DATA SUPPLIED:
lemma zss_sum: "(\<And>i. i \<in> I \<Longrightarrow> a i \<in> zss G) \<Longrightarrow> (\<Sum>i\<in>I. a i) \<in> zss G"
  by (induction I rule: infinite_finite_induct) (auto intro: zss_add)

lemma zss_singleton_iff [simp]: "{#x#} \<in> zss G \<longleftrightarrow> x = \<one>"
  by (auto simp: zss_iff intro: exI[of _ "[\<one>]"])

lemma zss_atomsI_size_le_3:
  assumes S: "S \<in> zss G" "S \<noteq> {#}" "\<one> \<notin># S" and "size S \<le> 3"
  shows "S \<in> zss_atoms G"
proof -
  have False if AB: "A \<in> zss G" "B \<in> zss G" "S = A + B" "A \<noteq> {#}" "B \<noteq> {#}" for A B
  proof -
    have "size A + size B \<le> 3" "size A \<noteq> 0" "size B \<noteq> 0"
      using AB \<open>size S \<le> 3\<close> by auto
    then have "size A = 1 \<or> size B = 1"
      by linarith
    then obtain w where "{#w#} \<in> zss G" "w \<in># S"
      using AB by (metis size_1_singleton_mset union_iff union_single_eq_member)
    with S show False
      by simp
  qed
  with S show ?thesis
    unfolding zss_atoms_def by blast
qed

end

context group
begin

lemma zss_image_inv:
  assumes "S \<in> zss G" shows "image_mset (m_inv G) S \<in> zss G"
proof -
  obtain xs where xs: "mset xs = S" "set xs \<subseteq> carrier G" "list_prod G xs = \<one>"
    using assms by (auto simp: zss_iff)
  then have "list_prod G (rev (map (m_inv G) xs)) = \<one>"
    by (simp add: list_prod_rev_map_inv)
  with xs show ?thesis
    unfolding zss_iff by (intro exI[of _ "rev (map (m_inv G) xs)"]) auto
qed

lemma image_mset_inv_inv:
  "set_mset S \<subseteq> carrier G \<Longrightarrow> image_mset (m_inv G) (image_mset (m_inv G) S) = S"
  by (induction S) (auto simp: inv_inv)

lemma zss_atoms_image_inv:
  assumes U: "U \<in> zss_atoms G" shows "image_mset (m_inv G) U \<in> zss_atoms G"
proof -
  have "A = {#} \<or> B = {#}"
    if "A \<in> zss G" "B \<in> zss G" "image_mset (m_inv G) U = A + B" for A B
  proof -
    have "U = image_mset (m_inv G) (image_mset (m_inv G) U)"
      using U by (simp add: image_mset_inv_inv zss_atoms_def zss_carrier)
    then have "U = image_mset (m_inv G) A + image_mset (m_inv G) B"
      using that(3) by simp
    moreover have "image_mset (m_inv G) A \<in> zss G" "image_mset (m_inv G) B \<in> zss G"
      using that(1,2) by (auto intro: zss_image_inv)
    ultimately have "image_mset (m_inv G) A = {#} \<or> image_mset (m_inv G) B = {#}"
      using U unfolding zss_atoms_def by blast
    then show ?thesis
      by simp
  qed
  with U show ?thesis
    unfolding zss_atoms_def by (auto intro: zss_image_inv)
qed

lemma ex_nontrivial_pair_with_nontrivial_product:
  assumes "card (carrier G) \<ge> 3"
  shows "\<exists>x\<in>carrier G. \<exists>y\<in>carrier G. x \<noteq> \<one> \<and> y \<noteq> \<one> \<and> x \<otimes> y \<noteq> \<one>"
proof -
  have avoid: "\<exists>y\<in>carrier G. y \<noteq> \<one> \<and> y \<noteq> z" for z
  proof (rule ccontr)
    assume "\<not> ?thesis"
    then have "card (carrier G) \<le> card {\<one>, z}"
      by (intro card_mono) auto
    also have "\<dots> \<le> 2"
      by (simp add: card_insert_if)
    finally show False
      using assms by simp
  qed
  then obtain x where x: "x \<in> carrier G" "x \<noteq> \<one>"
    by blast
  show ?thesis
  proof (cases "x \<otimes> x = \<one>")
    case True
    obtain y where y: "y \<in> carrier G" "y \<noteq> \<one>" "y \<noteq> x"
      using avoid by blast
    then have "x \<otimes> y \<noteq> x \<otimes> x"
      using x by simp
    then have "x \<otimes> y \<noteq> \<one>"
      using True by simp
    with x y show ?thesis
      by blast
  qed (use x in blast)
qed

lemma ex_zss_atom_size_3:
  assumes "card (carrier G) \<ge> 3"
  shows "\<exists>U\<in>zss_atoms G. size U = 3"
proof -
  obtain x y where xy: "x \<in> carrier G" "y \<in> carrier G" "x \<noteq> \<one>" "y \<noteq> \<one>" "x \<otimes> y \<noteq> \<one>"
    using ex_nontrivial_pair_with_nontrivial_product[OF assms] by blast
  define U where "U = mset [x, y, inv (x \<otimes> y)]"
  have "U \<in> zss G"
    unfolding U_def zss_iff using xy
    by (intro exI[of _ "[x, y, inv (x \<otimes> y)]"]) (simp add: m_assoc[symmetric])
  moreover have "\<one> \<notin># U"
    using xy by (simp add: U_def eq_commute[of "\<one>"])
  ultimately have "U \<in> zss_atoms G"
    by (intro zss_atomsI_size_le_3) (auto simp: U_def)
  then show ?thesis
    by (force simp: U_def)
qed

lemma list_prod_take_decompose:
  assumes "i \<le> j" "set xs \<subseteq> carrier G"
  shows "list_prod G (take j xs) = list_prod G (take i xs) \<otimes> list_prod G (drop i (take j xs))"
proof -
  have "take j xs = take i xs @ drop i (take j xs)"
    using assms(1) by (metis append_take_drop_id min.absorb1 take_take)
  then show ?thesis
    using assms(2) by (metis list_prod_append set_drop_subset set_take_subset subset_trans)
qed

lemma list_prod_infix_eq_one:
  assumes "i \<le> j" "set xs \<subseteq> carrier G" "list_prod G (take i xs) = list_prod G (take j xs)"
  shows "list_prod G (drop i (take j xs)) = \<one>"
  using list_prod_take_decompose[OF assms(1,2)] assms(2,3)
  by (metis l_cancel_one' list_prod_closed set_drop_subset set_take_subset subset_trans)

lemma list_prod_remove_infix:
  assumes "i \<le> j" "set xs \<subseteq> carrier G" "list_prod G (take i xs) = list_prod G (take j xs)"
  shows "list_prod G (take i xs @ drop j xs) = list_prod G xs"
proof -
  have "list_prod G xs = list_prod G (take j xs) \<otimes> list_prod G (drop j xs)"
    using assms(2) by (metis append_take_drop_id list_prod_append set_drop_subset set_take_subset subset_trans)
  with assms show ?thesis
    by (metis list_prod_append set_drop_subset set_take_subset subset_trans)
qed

TASK DIRECTIONS:
Transcribe all of the lines in the records precisely.

FINISHED EXERCISE:
lemma zss_sum: "(\<And>i. i \<in> I \<Longrightarrow> a i \<in> zss G) \<Longrightarrow> (\<Sum>i\<in>I. a i) \<in> zss G"
  by (induction I rule: infinite_finite_induct) (auto intro: zss_add)

lemma zss_singleton_iff [simp]: "{#x#} \<in> zss G \<longleftrightarrow> x = \<one>"
  by (auto simp: zss_iff intro: exI[of _ "[\<one>]"])

lemma zss_atomsI_size_le_3:
  assumes S: "S \<in> zss G" "S \<noteq> {#}" "\<one> \<notin># S" and "size S \<le> 3"
  shows "S \<in> zss_atoms G"
proof -
  have False if AB: "A \<in> zss G" "B \<in> zss G" "S = A + B" "A \<noteq> {#}" "B \<noteq> {#}" for A B
  proof -
    have "size A + size B \<le> 3" "size A \<noteq> 0" "size B \<noteq> 0"
      using AB \<open>size S \<le> 3\<close> by auto
    then have "size A = 1 \<or> size B = 1"
      by linarith
    then obtain w where "{#w#} \<in> zss G" "w \<in># S"
      using AB by (metis size_1_singleton_mset union_iff union_single_eq_member)
    with S show False
      by simp
  qed
  with S show ?thesis
    unfolding zss_atoms_def by blast
qed

end

context group
begin

lemma zss_image_inv:
  assumes "S \<in> zss G" shows "image_mset (m_inv G) S \<in> zss G"
proof -
  obtain xs where xs: "mset xs = S" "set xs \<subseteq> carrier G" "list_prod G xs = \<one>"
    using assms by (auto simp: zss_iff)
  then have "list_prod G (rev (map (m_inv G) xs)) = \<one>"
    by (simp add: list_prod_rev_map_inv)
  with xs show ?thesis
    unfolding zss_iff by (intro exI[of _ "rev (map (m_inv G) xs)"]) auto
qed

lemma image_mset_inv_inv:
  "set_mset S \<subseteq> carrier G \<Longrightarrow> image_mset (m_inv G) (image_mset (m_inv G) S) = S"
  by (induction S) (auto simp: inv_inv)

lemma zss_atoms_image_inv:
  assumes U: "U \<in> zss_atoms G" shows "image_mset (m_inv G) U \<in> zss_atoms G"
proof -
  have "A = {#} \<or> B = {#}"
    if "A \<in> zss G" "B \<in> zss G" "image_mset (m_inv G) U = A + B" for A B
  proof -
    have "U = image_mset (m_inv G) (image_mset (m_inv G) U)"
      using U by (simp add: image_mset_inv_inv zss_atoms_def zss_carrier)
    then have "U = image_mset (m_inv G) A + image_mset (m_inv G) B"
      using that(3) by simp
    moreover have "image_mset (m_inv G) A \<in> zss G" "image_mset (m_inv G) B \<in> zss G"
      using that(1,2) by (auto intro: zss_image_inv)
    ultimately have "image_mset (m_inv G) A = {#} \<or> image_mset (m_inv G) B = {#}"
      using U unfolding zss_atoms_def by blast
    then show ?thesis
      by simp
  qed
  with U show ?thesis
    unfolding zss_atoms_def by (auto intro: zss_image_inv)
qed

lemma ex_nontrivial_pair_with_nontrivial_product:
  assumes "card (carrier G) \<ge> 3"
  shows "\<exists>x\<in>carrier G. \<exists>y\<in>carrier G. x \<noteq> \<one> \<and> y \<noteq> \<one> \<and> x \<otimes> y \<noteq> \<one>"
proof -
  have avoid: "\<exists>y\<in>carrier G. y \<noteq> \<one> \<and> y \<noteq> z" for z
  proof (rule ccontr)
    assume "\<not> ?thesis"
    then have "card (carrier G) \<le> card {\<one>, z}"
      by (intro card_mono) auto
    also have "\<dots> \<le> 2"
      by (simp add: card_insert_if)
    finally show False
      using assms by simp
  qed
  then obtain x where x: "x \<in> carrier G" "x \<noteq> \<one>"
    by blast
  show ?thesis
  proof (cases "x \<otimes> x = \<one>")
    case True
    obtain y where y: "y \<in> carrier G" "y \<noteq> \<one>" "y \<noteq> x"
      using avoid by blast
    then have "x \<otimes> y \<noteq> x \<otimes> x"
      using x by simp
    then have "x \<otimes> y \<noteq> \<one>"
      using True by simp
    with x y show ?thesis
      by blast
  qed (use x in blast)
qed

lemma ex_zss_atom_size_3:
  assumes "card (carrier G) \<ge> 3"
  shows "\<exists>U\<in>zss_atoms G. size U = 3"
proof -
  obtain x y where xy: "x \<in> carrier G" "y \<in> carrier G" "x \<noteq> \<one>" "y \<noteq> \<one>" "x \<otimes> y \<noteq> \<one>"
    using ex_nontrivial_pair_with_nontrivial_product[OF assms] by blast
  define U where "U = mset [x, y, inv (x \<otimes> y)]"
  have "U \<in> zss G"
    unfolding U_def zss_iff using xy
    by (intro exI[of _ "[x, y, inv (x \<otimes> y)]"]) (simp add: m_assoc[symmetric])
  moreover have "\<one> \<notin># U"
    using xy by (simp add: U_def eq_commute[of "\<one>"])
  ultimately have "U \<in> zss_atoms G"
    by (intro zss_atomsI_size_le_3) (auto simp: U_def)
  then show ?thesis
    by (force simp: U_def)
qed

lemma list_prod_take_decompose:
  assumes "i \<le> j" "set xs \<subseteq> carrier G"
  shows "list_prod G (take j xs) = list_prod G (take i xs) \<otimes> list_prod G (drop i (take j xs))"
proof -
  have "take j xs = take i xs @ drop i (take j xs)"
    using assms(1) by (metis append_take_drop_id min.absorb1 take_take)
  then show ?thesis
    using assms(2) by (metis list_prod_append set_drop_subset set_take_subset subset_trans)
qed

lemma list_prod_infix_eq_one:
  assumes "i \<le> j" "set xs \<subseteq> carrier G" "list_prod G (take i xs) = list_prod G (take j xs)"
  shows "list_prod G (drop i (take j xs)) = \<one>"
  using list_prod_take_decompose[OF assms(1,2)] assms(2,3)
  by (metis l_cancel_one' list_prod_closed set_drop_subset set_take_subset subset_trans)

lemma list_prod_remove_infix:
  assumes "i \<le> j" "set xs \<subseteq> carrier G" "list_prod G (take i xs) = list_prod G (take j xs)"
  shows "list_prod G (take i xs @ drop j xs) = list_prod G xs"
proof -
  have "list_prod G xs = list_prod G (take j xs) \<otimes> list_prod G (drop j xs)"
    using assms(2) by (metis append_take_drop_id list_prod_append set_drop_subset set_take_subset subset_trans)
  with assms show ?thesis
    by (metis list_prod_append set_drop_subset set_take_subset subset_trans)
qed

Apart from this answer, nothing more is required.